Was steckt eigentlich hinter „deutsch-polnisch“ in deutsch-polnischen Begegnungen? Nationalität, Herkunft, Wohnort, Identität? Kommen bei einer Begegnung nicht viel mehr Kulturen ins Spiel, die es zu entdecken gilt? Es ist Länderabend. Die „Deutschen“ braten Würste, die „Polen“ üben einen Tanz. Schwach erinnern wir uns noch an Zeiten, als diese Klischeeschlacht unverzichtbarer Teil internationaler Projekte war. Wie auch bei anderen Bildungsstätten finden bei uns schon lange keine derartigen bilateralen Begegnungen – oder besser: Aufprälle – mehr statt. „Deutsch-polnisch“ sieht da eher so aus: In Mikuszewo treffen Schülerinnen und Schüler aus Poznań und einer bayerischen Kleinstadt zusammen. Sie sollen sich im Raum auf einer imaginären Landkarte aufstellen und ihren Geburtsort sichtbar machen. An einer Stelle kichern ein paar Jugendliche. Sie versuchen gerade, gemeinsam Platz auf einem halben Quadratmeter zu finden. Woanders quetschen sich welche übertrieben gegen die Wand um zu zeigen, dass sie an einem Ort geboren sind, der in diesem Raum nicht darstellbar ist. Das Bild, das sich am Ende ergibt, ist eins von vielen Symbolen einer „deutsch*polnischen“ Begegnung – mit Sternchen, weil es zwischen deutsch und polnisch und darüber hinaus noch sehr viel mehr gibt, über das es sich zu sprechen lohnt! Bei einer Begegnung treffen irakische Kinder aus einer Gemeinschaftsunterkunft auf Geschwister mit britischem Vater. Ein Potsdamer Kind polnischer Eltern spricht zum ersten Mal mit in Polen

lebenden Roma, Jugendliche mit überwiegend deutschen Wurzeln lernen eine in Vietnam geborene Krakauerin kennen, und ein Junge aus einem Dorf bei Łódź quatscht mit Berliner Mädchen dritter türkischer Einwanderungsgeneration. So vielfältig wie die geografische und kulturelle Herkunft sind die Religionen der Teilnehmenden, ihre Wünsche, sexuelle Identität, Erfahrungen und so weiter. Was passiert bei so viel kultureller Vielfalt im Laufe von Begegnungen und wie erreichen wir, dass sie überhaupt stattfinden – und dabei bereichern und nicht etwa verstören?

Karten neu gemischt Bei einer Begegnung landet der aus Bosnien geflüchtete Neven (Name geändert) auf dem Zimmer mit zwei Berliner Gleichaltrigen.
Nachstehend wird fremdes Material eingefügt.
(* Let $\alpha>0$, $\beta>0$, and for $R>0$ let $\kappa_0=\kappa_0(R)>0$ be the unique solution of $K_0(\kappa R)I_0(\kappa R)=\frac{1}{(\alpha+\beta)R}$ and $$t_0(R):=\frac{2\kappa_0 I_0K_0\left(-\alpha\beta R\,I_0K_0+\alpha\kappa_0R\,(I_0K_0)'+\alpha\,I_0K_0\right)}{R\,(I_0K_0)'},$$ with $I_0K_0$ and $(I_0K_0)'$ the values of $z\mapsto I_0(z)K_0(z)$ and of its derivative at $z=R\kappa_0$. Then $t_0(R)<0$ for all sufficiently small $R>0$, and $t_0(R)>0$ for all sufficiently large $R$. In particular, the sign of the first-order correction for approaching circles is not determined in general. *)

theory Defs
  imports "HOL-Analysis.Analysis"
begin

definition besselI0 :: "real \<Rightarrow> real" where
  "besselI0 z = (\<Sum>k. (z / 2) ^ (2 * k) / (fact k)\<^sup>2)"

text \<open>Modified Bessel function of the second kind of order 0, for z > 0,
  via the integral representation K_0(z) = int_0^infty exp(-z cosh t) dt.\<close>
definition besselK0 :: "real \<Rightarrow> real" where
  "besselK0 z = (LINT t:{0..}|lborel. exp (- (z * cosh t)))"

definition kappa0 :: "real \<Rightarrow> real \<Rightarrow> real \<Rightarrow> real" where
  "kappa0 \<alpha> \<beta> R = (THE \<kappa>. \<kappa> > 0 \<and>
      besselK0 (\<kappa> * R) * besselI0 (\<kappa> * R) = 1 / ((\<alpha> + \<beta>) * R))"

definition IK0 :: "real \<Rightarrow> real" where
  "IK0 z = besselI0 z * besselK0 z"

definition t0 :: "real \<Rightarrow> real \<Rightarrow> real \<Rightarrow> real" where
  "t0 \<alpha> \<beta> R =
     (let \<kappa> = kappa0 \<alpha> \<beta> R; z = R * \<kappa>; p = IK0 z; dp = deriv IK0 z in
      2 * \<kappa> * p * (- \<alpha> * \<beta> * R * p + \<alpha> * \<kappa> * R * dp + \<alpha> * p) / (R * dp))"

end

theory Submission
  imports Defs
begin

text \<open>Put z = R kappa_0 and p = I_0K_0(z) = 1/((alpha + beta) R). As (I_0K_0)' < 0, the sign of
  t_0 is opposite to that of p (1 - beta R) + z (I_0K_0)'(z). For large R both summands are
  negative. For small R the number p is large, hence z is small because I_0K_0 is decreasing, and
  the bound z (I_0K_0)'(z) \<ge> -I_0(z), which comes from z K_1(z) \<le> 1, keeps the second summand
  bounded while the first one grows like p. The needed facts about K_0 (K_0' = -K_1 and
  K_0 \<le> K_1 \<le> 1/z) are read off the integral representation, those about I_0
  (I_0' = I_1 \<le> I_0 - 1/2) off the power series.\<close>

section \<open>The modified Bessel function I_0\<close>

definition besselI0_coeff :: "nat \<Rightarrow> real" where
  "besselI0_coeff k = 1 / (fact k)\<^sup>2"

definition besselI1 :: "real \<Rightarrow> real" where
  "besselI1 z = (z / 2) * (\<Sum>n. (z\<^sup>2 / 4) ^ n / (fact n * fact (Suc n)))"

lemma summable_besselI0_coeff: "summable (\<lambda>k. besselI0_coeff k * w ^ k)"
proof (rule summable_comparison_test[OF _ summable_exp[of "\<bar>w\<bar>"]])
  have "besselI0_coeff n \<le> inverse (fact n)" for n
    using fact_ge_1[of n, where 'a=real] by (simp add: besselI0_coeff_def power2_eq_square field_simps)
  then have "besselI0_coeff n * \<bar>w\<bar> ^ n \<le> inverse (fact n) * \<bar>w\<bar> ^ n" for n
    by (simp add: mult_right_mono)
  moreover have "norm (besselI0_coeff n * w ^ n) = besselI0_coeff n * \<bar>w\<bar> ^ n" for n
    by (simp add: abs_mult power_abs besselI0_coeff_def)
  ultimately have "norm (besselI0_coeff n * w ^ n) \<le> inverse (fact n) * \<bar>w\<bar> ^ n" for n
    by simp
  then show "\<exists>N. \<forall>n\<ge>N. norm (besselI0_coeff n * w ^ n) \<le> inverse (fact n) * \<bar>w\<bar> ^ n"
    by blast
qed
lemma measurable_ecount_box:
  fixes W :: "'d::euclidean_space set" and \<Phi> :: "'a \<Rightarrow> 'd set" and k :: nat
  assumes spp: "simple_point_process M \<Phi>" and W: "bounded W" "W \<in> sets borel"
    and X: "\<And>i. i < k \<Longrightarrow> X i \<in> sets borel"
  shows "(\<lambda>\<omega>. ecount (PiE {..<k} (\<lambda>i. \<Phi> \<omega> \<inter> (X i \<inter> W)))) \<in> borel_measurable M"
proof -
  have "(\<lambda>\<omega>. \<Prod>i<k. ecount (\<Phi> \<omega> \<inter> (X i \<inter> W))) \<in> borel_measurable M"
    using spp X W unfolding simple_point_process_def by (intro borel_measurable_prod_ennreal) auto
  then show ?thesis
    by (rule measurable_cong[THEN iffD1, rotated])
      (auto intro!: ecount_PiE[symmetric] finite_inter_bounded[OF spp _ W(1)])
qed

text \<open>A Dynkin-system argument starting from boxes; confining the tuples to the bounded set W
  keeps all counts finite.\<close>
lemma measurable_ecount_tuples:
  fixes W :: "'d::euclidean_space set" and \<Phi> :: "'a \<Rightarrow> 'd set"
  assumes spp: "simple_point_process M \<Phi>" and W: "bounded W" "W \<in> sets borel"
    and C: "C \<in> sets (tuple_space k)"
  shows "(\<lambda>\<omega>. ecount (PiE {..<k} (\<lambda>_. \<Phi> \<omega>) \<inter> C \<inter> PiE {..<k} (\<lambda>_. W))) \<in> borel_measurable M"
proof -
  let ?T = "\<lambda>\<omega> A. PiE {..<k} (\<lambda>_. \<Phi> \<omega>) \<inter> A \<inter> PiE {..<k} (\<lambda>_. W)"
  have "C \<in> sigma_sets (PiE {..<k} (\<lambda>_. space borel)) (prod_algebra {..<k} (\<lambda>_. borel :: 'd measure))"
    using C by (simp add: tuple_space_def sets_PiM)
  then show ?thesis
  proof (induction C rule: sigma_sets_induct_disjoint[OF Int_stable_prod_algebra
        prod_algebra_sets_into_space, consumes 1, case_names basic empty compl union])
    case (basic A)
    then obtain X where A: "A = PiE {..<k} X" and X: "X \<in> (\<Pi> j\<in>{..<k}. sets borel)"
      by (auto simp: prod_algebra_eq_finite)
    have "?T \<omega> A = PiE {..<k} (\<lambda>i. \<Phi> \<omega> \<inter> (X i \<inter> W))" for \<omega>
      by (auto simp: A PiE_iff)
    then show ?case using measurable_ecount_box[OF spp W, where X = X] X by (simp add: Pi_iff)
  next
    case empty
    then show ?case by simp
  next
    case (compl A)
    have "?T \<omega> (PiE {..<k} (\<lambda>_. UNIV) - A) = PiE {..<k} (\<lambda>_. \<Phi> \<omega> \<inter> W) - ?T \<omega> A" for \<omega>
      by (auto simp: PiE_iff)
    moreover have "?T \<omega> A \<subseteq> PiE {..<k} (\<lambda>_. \<Phi> \<omega> \<inter> W)" for \<omega>
      by (auto simp: PiE_iff)
    ultimately have diff: "ecount (?T \<omega> (PiE {..<k} (\<lambda>_. UNIV) - A))
        = ecount (PiE {..<k} (\<lambda>_. \<Phi> \<omega> \<inter> W)) - ecount (?T \<omega> A)" if "\<omega> \<in> space M" for \<omega>
      using finite_inter_bounded[OF spp that W(1)] by (simp add: ecount_Diff finite_PiE)
    have "(\<lambda>\<omega>. ecount (PiE {..<k} (\<lambda>_. \<Phi> \<omega> \<inter> W)) - ecount (?T \<omega> A)) \<in> borel_measurable M"
      using measurable_ecount_box[OF spp W, where X = "\<lambda>_. UNIV"] compl.IH by simp
    then show ?case
      by (rule measurable_cong[THEN iffD1, rotated]) (simp add: diff)
  next
    case (union A)
    have UN: "?T \<omega> (\<Union>i. A i) = (\<Union>i. ?T \<omega> (A i))" for \<omega>
      by auto
    have "ecount (?T \<omega> (\<Union>i. A i)) = (\<Sum>i. ecount (?T \<omega> (A i)))" for \<omega>
      unfolding UN using union.hyps(1)
      by (intro ecount_UN_disjoint) (auto simp: disjoint_family_on_def)
    moreover have "(\<lambda>\<omega>. \<Sum>i. ecount (?T \<omega> (A i))) \<in> borel_measurable M"
      by (rule borel_measurable_suminf_order) (rule union.IH)
    ultimately show ?case by simp
  qed
qed
lemma L2_set_sum_le:
  assumes "finite S"
  shows "L2_set (\<lambda>k. \<Sum>i\<in>S. f i k) K \<le> (\<Sum>i\<in>S. L2_set (f i) K)"
  using assms
proof (induction S rule: finite_induct)
  case empty
  then show ?case by (simp add: L2_set_def)
next
  case (insert i S)
  have "L2_set (\<lambda>k. \<Sum>j\<in>insert i S. f j k) K = L2_set (\<lambda>k. f i k + (\<Sum>j\<in>S. f j k)) K"
    using insert(1,2) by simp
  also have "\<dots> \<le> L2_set (f i) K + L2_set (\<lambda>k. \<Sum>j\<in>S. f j k) K"
    by (rule L2_set_triangle_ineq)
  also have "\<dots> \<le> L2_set (f i) K + (\<Sum>j\<in>S. L2_set (f j) K)"
    using insert.IH by simp
  also have "\<dots> = (\<Sum>j\<in>insert i S. L2_set (f j) K)"
    using insert(1,2) by simp
  finally show ?case .
qed

lemma col_norm_le_col_norm_max: "i < p \<Longrightarrow> L2_set (\<lambda>k. X k i) {..<n} \<le> col_norm_max n p X"
  unfolding col_norm_max_def L2_set_def by (intro Max_ge) auto

lemma col_norm_max_nonneg: "0 < p \<Longrightarrow> 0 \<le> col_norm_max n p X"
  using col_norm_le_col_norm_max[of 0 p X n] L2_set_nonneg[of "\<lambda>k. X k 0" "{..<n}"] by linarith

lemma matvec_extend_zero:
  "S \<subseteq> {..<p} \<Longrightarrow> matvec p X (extend_zero S u) k = (\<Sum>i\<in>S. X k i * u i)"
  unfolding matvec_def extend_zero_def by (rule sum.mono_neutral_cong_right) auto

lemma sum_square_matvec_extend_zero_le:
  assumes S: "S \<subseteq> {..<p}"
  shows "(\<Sum>k<n. (matvec p X (extend_zero S u) k)\<^sup>2) \<le> (col_norm_max n p X * (\<Sum>i\<in>S. \<bar>u i\<bar>))\<^sup>2"
proof -
  have "finite S" using S finite_subset by blast
  then have "L2_set (matvec p X (extend_zero S u)) {..<n} \<le> (\<Sum>i\<in>S. L2_set (\<lambda>k. X k i * u i) {..<n})"
    unfolding matvec_extend_zero[OF S] by (rule L2_set_sum_le)
  also have "\<dots> = (\<Sum>i\<in>S. \<bar>u i\<bar> * L2_set (\<lambda>k. X k i) {..<n})"
    by (simp add: L2_set_def power_mult_distrib real_sqrt_mult mult.commute flip: sum_distrib_left)
  also have "\<dots> \<le> (\<Sum>i\<in>S. \<bar>u i\<bar> * col_norm_max n p X)"
    using S by (intro sum_mono mult_left_mono col_norm_le_col_norm_max) auto
  also have "\<dots> = col_norm_max n p X * (\<Sum>i\<in>S. \<bar>u i\<bar>)"
    by (simp add: sum_distrib_left mult.commute)
  finally have "(L2_set (matvec p X (extend_zero S u)) {..<n})\<^sup>2 \<le> (col_norm_max n p X * (\<Sum>i\<in>S. \<bar>u i\<bar>))\<^sup>2"
    by (intro power_mono) auto
  then show ?thesis by (simp add: L2_set_def sum_nonneg)
qed

lemma matvec_zero [simp]: "matvec p X (\<lambda>_. 0) = (\<lambda>_. 0)"
  by (simp add: matvec_def fun_eq_iff)

lemma Lambda_translate:
  assumes "\<forall>i<p. beta i - betas i = w i"
  shows "Lambda n p X beta betas Y = Lambda n p X w (\<lambda>_. 0) (\<lambda>k. Y k - matvec p X betas k)"
proof -
  have "matvec p X (\<lambda>i. beta i - betas i) = matvec p X w"
    unfolding matvec_def using assms by (intro ext sum.cong) auto
  then show ?thesis by (simp add: Lambda_def)
qed

lemma Lambda_add_Lambda_uminus_ge:
  assumes "(\<Sum>k<n. (matvec p X w k)\<^sup>2) \<le> 1"
  shows "2 * exp (- 1 / 2) \<le> Lambda n p X w (\<lambda>_. 0) Y + Lambda n p X (\<lambda>i. - w i) (\<lambda>_. 0) Y"
proof -
  define q where "q = (\<Sum>k<n. (matvec p X w k)\<^sup>2)"
  define a where "a = (\<Sum>k<n. Y k * matvec p X w k)"
  have "matvec p X (\<lambda>i. - w i) = (\<lambda>k. - matvec p X w k)"
    by (simp add: matvec_def sum_negf fun_eq_iff)
  then have "Lambda n p X w (\<lambda>_. 0) Y + Lambda n p X (\<lambda>i. - w i) (\<lambda>_. 0) Y
      = exp (- q / 2) * (exp a + exp (- a))"
    by (simp add: Lambda_def q_def a_def sum_negf distrib_left flip: exp_add)
  moreover have "exp (- 1 / 2) \<le> exp (- q / 2)" using assms by (simp add: q_def)
  moreover have "2 \<le> exp a + exp (- a)"
    using exp_ge_add_one_self[of a] exp_ge_add_one_self[of "- a"] by linarith
  ultimately show ?thesis
    by (metis mult.commute mult_mono exp_ge_zero zero_le_numeral)
qed

lemma extend_zero_component_measurable [measurable]:
  "(\<lambda>u. extend_zero S u i) \<in> borel_measurable (PiM S (\<lambda>_. laplace lam))"
proof (cases "i \<in> S")
  case True
  then have "(\<lambda>u. extend_zero S u i) = (\<lambda>u. u i)" by (simp add: extend_zero_def)
  with True show ?thesis by simp
qed (simp add: extend_zero_def)

lemma Lambda_extend_zero_measurable [measurable]:
  "(\<lambda>u. Lambda n p X (extend_zero S u) betas Y) \<in> borel_measurable (PiM S (\<lambda>_. laplace lam))"
  unfolding Lambda_def matvec_def by measurable

lemma Lambda_nonneg: "0 \<le> Lambda n p X beta betas Y"
  by (simp add: Lambda_def)

lemma nn_integral_laplace_PiM_Lambda_ge:
  assumes lam: "0 < lam" and p: "0 < p" and S: "S \<subseteq> {..<p}" and r: "col_norm_max n p X * r \<le> 1"
  shows "ennreal (exp (- 1 / 2)) * (\<integral>\<^sup>+u. indicator {u. (\<Sum>j\<in>S. \<bar>u j\<bar>) \<le> r} u \<partial>PiM S (\<lambda>_. laplace lam))
    \<le> (\<integral>\<^sup>+u. Lambda n p X (extend_zero S u) (\<lambda>_. 0) Y \<partial>PiM S (\<lambda>_. laplace lam))"
proof -
  let ?M = "PiM S (\<lambda>_. laplace lam)"
  let ?L = "\<lambda>w. ennreal (Lambda n p X w (\<lambda>_. 0) Y)"
  let ?ball = "{u. (\<Sum>j\<in>S. \<bar>u j\<bar>) \<le> r}"
  have fin: "finite S" using S finite_subset by blast
  have "extend_zero S (affine_on S (-1) (\<lambda>_. 0) u) = (\<lambda>i. - extend_zero S u i)" for u
    by (auto simp: extend_zero_def affine_on_def)
  then have reflect: "(\<integral>\<^sup>+u. ?L (\<lambda>i. - extend_zero S u i) \<partial>?M) \<le> (\<integral>\<^sup>+u. ?L (extend_zero S u) \<partial>?M)"
    using nn_integral_laplace_PiM_translate_ge[OF lam _ fin, of "-1" "\<lambda>u. ?L (extend_zero S u)" "\<lambda>_. 0"]
    by simp
  have pointwise: "ennreal (2 * exp (- 1 / 2)) * indicator ?ball u
      \<le> ?L (extend_zero S u) + ?L (\<lambda>i. - extend_zero S u i)" for u
  proof (cases "u \<in> ?ball")
    case True
    have "col_norm_max n p X * (\<Sum>i\<in>S. \<bar>u i\<bar>) \<le> col_norm_max n p X * r"
      using True col_norm_max_nonneg[OF p] by (simp add: mult_left_mono)
    then have "(col_norm_max n p X * (\<Sum>i\<in>S. \<bar>u i\<bar>))\<^sup>2 \<le> 1"
      using r col_norm_max_nonneg[OF p] by (intro power_le_one) (auto simp: sum_nonneg)
    then have "(\<Sum>k<n. (matvec p X (extend_zero S u) k)\<^sup>2) \<le> 1"
      using sum_square_matvec_extend_zero_le[OF S, where n=n and X=X and u=u] by linarith
    then have "2 * exp (- 1 / 2) \<le> Lambda n p X (extend_zero S u) (\<lambda>_. 0) Y
        + Lambda n p X (\<lambda>i. - extend_zero S u i) (\<lambda>_. 0) Y"
      by (rule Lambda_add_Lambda_uminus_ge)
    then have "ennreal (2 * exp (- 1 / 2)) \<le> ennreal (Lambda n p X (extend_zero S u) (\<lambda>_. 0) Y
        + Lambda n p X (\<lambda>i. - extend_zero S u i) (\<lambda>_. 0) Y)"
      by (rule ennreal_leI)
    with True show ?thesis by (simp add: Lambda_nonneg)
  qed simp
  have "ennreal 2 * (ennreal (exp (- 1 / 2)) * (\<integral>\<^sup>+u. indicator ?ball u \<partial>?M))
      = (\<integral>\<^sup>+u. ennreal (2 * exp (- 1 / 2)) * indicator ?ball u \<partial>?M)"
    by (subst nn_integral_cmult) (measurable, simp add: ennreal_mult mult.assoc)
  also have "\<dots> \<le> (\<integral>\<^sup>+u. ?L (extend_zero S u) + ?L (\<lambda>i. - extend_zero S u i) \<partial>?M)"
    using pointwise by (rule nn_integral_mono)
  also have "\<dots> = (\<integral>\<^sup>+u. ?L (extend_zero S u) \<partial>?M) + (\<integral>\<^sup>+u. ?L (\<lambda>i. - extend_zero S u i) \<partial>?M)"
    by (rule nn_integral_add) (simp_all add: Lambda_def matvec_def)
  also have "\<dots> \<le> ennreal 2 * (\<integral>\<^sup>+u. ?L (extend_zero S u) \<partial>?M)"
    using reflect by (simp add: mult_2 add_left_mono)
  finally show ?thesis
    by (subst (asm) ennreal_mult_le_mult_iff) auto
qed

lemma nn_integral_slab_Lambda_ge:
  assumes lam: "0 < lam" and p: "0 < p" and S: "S \<subseteq> {..<p}"
    and supp: "\<forall>i<p. i \<notin> S \<longrightarrow> betas i = 0"
    and r: "0 \<le> r" "col_norm_max n p X * r \<le> 1"
  shows "ennreal (exp (- lam * (\<Sum>i\<in>S. \<bar>betas i\<bar>)) * exp (- 1 / 2)
      * (exp (- lam * r) * (lam * r) ^ card S / fact (card S)))
    \<le> (\<integral>\<^sup>+u. Lambda n p X (extend_zero S u) betas Y \<partial>slab S lam)"
proof -
  let ?M = "PiM S (\<lambda>_. laplace lam)"
  let ?Y = "\<lambda>k. Y k - matvec p X betas k"
  let ?E = "exp (- lam * (\<Sum>i\<in>S. \<bar>betas i\<bar>))"
  have fin: "finite S" using S finite_subset by blast
  have "Lambda n p X (extend_zero S (affine_on S 1 betas u)) betas Y
      = Lambda n p X (extend_zero S u) (\<lambda>_. 0) ?Y" for u
    using supp by (intro Lambda_translate) (auto simp: extend_zero_def affine_on_def)
  then have shift: "ennreal ?E * (\<integral>\<^sup>+u. Lambda n p X (extend_zero S u) (\<lambda>_. 0) ?Y \<partial>?M)
      \<le> (\<integral>\<^sup>+u. Lambda n p X (extend_zero S u) betas Y \<partial>?M)"
    using nn_integral_laplace_PiM_translate_ge[OF lam _ fin,
        of 1 "\<lambda>u. ennreal (Lambda n p X (extend_zero S u) betas Y)" betas]
    by simp
  define P where "P = exp (- lam * r) * (lam * r) ^ card S / fact (card S)"
  have "0 \<le> P" using lam r by (simp add: P_def)
  then have "ennreal (?E * exp (- 1 / 2) * P) = ennreal ?E * (ennreal (exp (- 1 / 2)) * ennreal P)"
    by (simp add: ennreal_mult mult.assoc)
  also have "\<dots> \<le> ennreal ?E * (ennreal (exp (- 1 / 2))
      * (\<integral>\<^sup>+u. indicator {u. (\<Sum>j\<in>S. \<bar>u j\<bar>) \<le> r} u \<partial>?M))"
    using nn_integral_laplace_PiM_l1_ball_ge[OF lam fin r(1)] unfolding P_def[symmetric]
    by (intro mult_left_mono) auto
  also have "\<dots> \<le> ennreal ?E * (\<integral>\<^sup>+u. Lambda n p X (extend_zero S u) (\<lambda>_. 0) ?Y \<partial>?M)"
    using nn_integral_laplace_PiM_Lambda_ge[OF lam p S r(2)] by (rule mult_left_mono) simp
  also have "\<dots> \<le> (\<integral>\<^sup>+u. Lambda n p X (extend_zero S u) betas Y \<partial>slab S lam)"
    using shift by (simp add: slab_def)
  finally show ?thesis unfolding P_def .
qed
Für diese ist sofort klar, wer hier „nicht so richtig passt“, was sie ihn deutlich spüren lassen. Klar, indem wir miteinander reden, lernen wir uns kennen. Aber Sprache kann auch ausgrenzen. Ebenso wie Kleidung, Gestik und anderes mehr dient sie der Distinktion und ermöglicht umgekehrt festzustellen, wer aufgrund der geografischen oder sozialen Herkunft dazugehört oder eben nicht.